Die Kritik am deutschen Leistungsbilanzüberschuss perlt inzwischen an Wolfgang Schäuble ab. Doch der Bundesfinanzminister macht es sich zu einfach. Er sollte für einen Abbau der Überschüsse kämpfen, findet StZ-Chefredakteur Joachim Dorfs.

Chefredaktion: Joachim Dorfs (jd)

Stuttgart - Vermutlich ist es Wolfgang Schäuble nach Jahren der Kritik inzwischen eher lästig als unangenehm. Auch bei der diesjährigen Tagung der internationalen Finanzinstitutionen IWF und Weltbank muss sich der Bundesfinanzminister harsche Kritik anhören – an den hohen Exporten Deutschlands, dem niedrigen Eurokurs, den geringen heimischen Investitionen, kurz: dem Leistungsbilanzüberschuss.

 

Deutschland exportiert Jahr für Jahr viel mehr Produkte und Dienstleistungen, als es einführt. Auf gewaltige 280 Milliarden Euro oder mehr als acht Prozent des Bruttoinlandsprodukts belief sich der Saldo 2016. Und die Kritik daran besteht nicht nur fort, sie wächst. IWF und EU-Kommission stören sich schon lange an den Ungleichgewichten. Neue Schärfe in die Debatte bringt US-Präsident Donald Trump. Die USA würden durch einen künstlich niedrigen Eurokurs geschädigt und würden sich notfalls mit Handelsschranken gegen vermeintlich unfaire Praktiken wehren. Und nun hat auch noch der einzige Hoffnungsträger bei der französischen Präsidentschaftswahl, der unabhängige Kandidat Emmanuel Macron, ins gleiche Horn geblasen: Der deutsche Überschuss schade allen, postuliert er.

Bundesregierung weist die Vorwürfe zurück

Nun hat sich Schäuble trotz seiner jahrelangen Routine im Abwehren solcher Vorwürfe vor seiner Reise nach Washington noch einmal extra munitionieren lassen. Im Kern, so haben es ihm die Experten des CDU-geführten Finanz- und des SPD-geführten Wirtschaftsministeriums angeblich nach langem Ringen aufgeschrieben, könne die Bundesregierung kaum etwas dagegen unternehmen. Wenn deutsche Produkte so gut seien, dass die ganze Welt sie kaufen wolle, wer möge dagegen etwas sagen? Der Eurokurs liege, leider, außerhalb der Reichweite der Politik. Da mögen sich die Kritiker doch an die Europäische Zentralbank wenden. Zudem sei die Bundesregierung nicht tatenlos geblieben, sondern habe etwa den Mindestlohn eingeführt und die öffentlichen Investitionen erhöht, so dass die Inlandsnachfrage gestiegen sei. Gepaart mit den überdurchschnittlichen Lohnsteigerungen für die Arbeitnehmer werde der Leistungsbilanzüberschuss in den kommenden Jahren ohnehin sinken. So weit ist die große Koalition also einig, und so weit hat sie auch recht.

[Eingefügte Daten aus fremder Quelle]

lemma abs_integral_signed_hump_ge:
  fixes y G R :: "real \<Rightarrow> real"
  assumes y: "y absolutely_integrable_on S" and S: "S \<in> sets lebesgue"
    and G_meas: "G \<in> borel_measurable (lebesgue_on S)" and G_bound: "\<And>s. \<bar>G s\<bar> \<le> M"
    and R_meas: "R \<in> borel_measurable (lebesgue_on S)" and R_bound: "\<And>s. \<bar>R s\<bar> \<le> \<delta>"
    and c: "c = (if 0 \<le> integral S (\<lambda>s. y s * G s) then 1 else -1)" and "0 \<le> q"
  shows "(q - \<delta>) * integral S (\<lambda>s. \<bar>y s\<bar>) \<le> \<bar>integral S (\<lambda>s. y s * (G s + c * q * sgn (y s) + R s))\<bar>"
proof -
  define N where "N = integral S (\<lambda>s. \<bar>y s\<bar>)"
  have abs_y: "(\<lambda>s. \<bar>y s\<bar>) integrable_on S"
    using y by (simp add: absolutely_integrable_on_def)
  have "0 \<le> N"
    unfolding N_def by (rule integral_nonneg[OF abs_y]) simp
  have int_G: "(\<lambda>s. y s * G s) integrable_on S"
    by (rule set_lebesgue_integral_eq_integral(1)[OF absolutely_integrable_mult_bounded[OF y S G_meas G_bound]])
  have int_R: "(\<lambda>s. y s * R s) integrable_on S"
    by (rule set_lebesgue_integral_eq_integral(1)[OF absolutely_integrable_mult_bounded[OF y S R_meas R_bound]])
  have int_hump: "(\<lambda>s. c * q * \<bar>y s\<bar>) integrable_on S"
    by (rule integrable_on_mult_right[OF abs_y])
  have "y s * (G s + c * q * sgn (y s) + R s) = y s * G s + c * q * \<bar>y s\<bar> + y s * R s" for s
    by (simp add: sgn_real_def algebra_simps)
  then have split: "integral S (\<lambda>s. y s * (G s + c * q * sgn (y s) + R s))
      = integral S (\<lambda>s. y s * G s) + c * q * N + integral S (\<lambda>s. y s * R s)"
    unfolding N_def
    by (simp add: integral_add[OF integrable_add[OF int_G int_hump] int_R] integral_add[OF int_G int_hump])
  have "0 \<le> q * N"
    using \<open>0 \<le> q\<close> \<open>0 \<le> N\<close> by simp
  then have "q * N \<le> \<bar>integral S (\<lambda>s. y s * G s) + c * q * N\<bar>"
    by (simp add: c)
  moreover have "\<bar>integral S (\<lambda>s. y s * R s)\<bar> \<le> \<delta> * N"
    unfolding N_def by (rule abs_integral_mult_bounded_le[OF y S R_meas R_bound])
  ultimately show ?thesis
    unfolding split N_def[symmetric] by (simp add: left_diff_distrib)
qed

lemma gliding_hump_test_function:
  fixes y :: "nat \<Rightarrow> real \<Rightarrow> real"
  assumes S: "S \<in> sets lebesgue" and y: "\<And>n. y n absolutely_integrable_on S"
  obtains h where "h \<in> borel_measurable (lebesgue_on S)" "\<And>s. \<bar>h s\<bar> \<le> 3/2"
    "\<And>n. (1/3) ^ n / 2 * integral S (\<lambda>s. \<bar>y n s\<bar>) \<le> \<bar>integral S (\<lambda>s. y n s * h s)\<bar>"
proof -
  define F where "F n G = integral S (\<lambda>s. y n s * G s)" for n G
  define g where "g n s = sgn (y n s)" for n s
  define c where "c n = (if 0 \<le> F n (gliding_hump F g n) then 1 else -1 :: real)" for n
  define H where "H = gliding_hump F g"
  define h where "h s = (\<Sum>i. c i * (1/3) ^ i * g i s)" for s
  have term_le: "\<bar>c i * (1/3) ^ i * g i s\<bar> \<le> (1/3) ^ i" for i s
    by (simp add: c_def g_def abs_mult sgn_real_def)
  have H_eq_sum: "H n s = (\<Sum>i<n. c i * (1/3) ^ i * g i s)" for n s
    unfolding H_def c_def by (rule gliding_hump_eq_sum)
  have tail: "\<bar>h s - H n s\<bar> \<le> (1/3) ^ n * (3/2)" for n s
    using abs_suminf_minus_sum_le_geometric(2)[of "1/3" "\<lambda>i. c i * (1/3) ^ i * g i s" n] term_le
    by (simp add: h_def H_eq_sum)
  have h_bound: "\<bar>h s\<bar> \<le> 3/2" for s
    using tail[of s 0] by (simp add: H_def)
  have H_bound: "\<bar>H n s\<bar> \<le> 3" for n s
    using tail[of s n] h_bound[of s] power_le_one[of "1/3::real" n] by linarith
  have g_meas: "g n \<in> borel_measurable (lebesgue_on S)" for n
    using y absolutely_integrable_measurable[OF S] unfolding g_def
    by (intro measurable_compose[OF _ borel_measurable_sgn]) auto
  have H_meas: "H n \<in> borel_measurable (lebesgue_on S)" for n
    unfolding H_eq_sum by (intro borel_measurable_sum borel_measurable_times borel_measurable_const g_meas)
  have h_meas: "h \<in> borel_measurable (lebesgue_on S)"
    unfolding h_def by (intro borel_measurable_suminf borel_measurable_times borel_measurable_const g_meas)
  show ?thesis
  proof (rule that[OF h_meas h_bound])
    fix n
    have c_n: "c n = (if 0 \<le> integral S (\<lambda>s. y n s * H n s) then 1 else -1)"
      by (simp add: c_def F_def H_def)
    have R_meas: "(\<lambda>s. h s - H (Suc n) s) \<in> borel_measurable (lebesgue_on S)"
      using h_meas H_meas by measurable
    have R_bound: "\<bar>h s - H (Suc n) s\<bar> \<le> (1/3) ^ n / 2" for s
      using tail[of s "Suc n"] by simp
    have "((1/3) ^ n - (1/3) ^ n / 2) * integral S (\<lambda>s. \<bar>y n s\<bar>)
        \<le> \<bar>integral S (\<lambda>s. y n s * (H n s + c n * (1/3) ^ n * sgn (y n s) + (h s - H (Suc n) s)))\<bar>"
      by (rule abs_integral_signed_hump_ge[OF y S H_meas H_bound R_meas R_bound c_n]) simp
    also have "(\<lambda>s. y n s * (H n s + c n * (1/3) ^ n * sgn (y n s) + (h s - H (Suc n) s))) = (\<lambda>s. y n s * h s)"
      by (simp add: H_def c_def g_def)
    finally show "(1/3) ^ n / 2 * integral S (\<lambda>s. \<bar>y n s\<bar>) \<le> \<bar>integral S (\<lambda>s. y n s * h s)\<bar>"
      by simp
  qed
qed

Schäuble macht es sich zu einfach

Und doch machen es sich Schäuble und das schwarz-rote Bündnis zu einfach. Der Stärke deutscher Unternehmen im Export steht nämlich eine Konsum- und vor allem Investitionsschwäche im Inland gegenüber – der Handelsexperte Gabriel Felbermayr vom Münchener Ifo-Institut nennt dies das Yin und das Yang der Leistungsbilanz. Die genannten rund 280 Milliarden Euro im Jahr finden nämlich keine Verwendung in Deutschland. Sie werden entweder gespart – was angesichts der alternden Bevölkerung sinnvoll ist – oder im Ausland investiert. Doch die Bundesregierung kann sehr wohl handeln: Sie kann dafür sorgen, dass die Verbraucher mehr Geld zum Konsum in der Tasche haben, sie kann selbst mehr investieren und sie kann vor allem dafür sorgen, dass es Unternehmen als lohnend ansehen, in Deutschland zu investieren. Staatliche Programme etwa zur Verbesserung der Infrastruktur mögen schön und gut sein, doch viel nachhaltiger und wichtiger sind private Investitionen.

Schon bei der Frage der Steuersenkung für die privaten Haushalte liegen Rote und Schwarze trotz der nachgewiesenen hohen Belastung deutscher Steuerzahler überkreuz. Doch wer substanziell etwas verbessern will, der muss weitergehen und die Unternehmenssteuern senken. Gutschriften für Unternehmen, die mehr forschen, Überprüfung der Bürokratie, bessere Abschreibungsmöglichkeiten: Das wären Maßnahmen, die wirklich helfen. Spätestens hier enden die Gemeinsamkeiten der großen Koalition. Es wäre ein Thema, über das es sich zu streiten lohnt.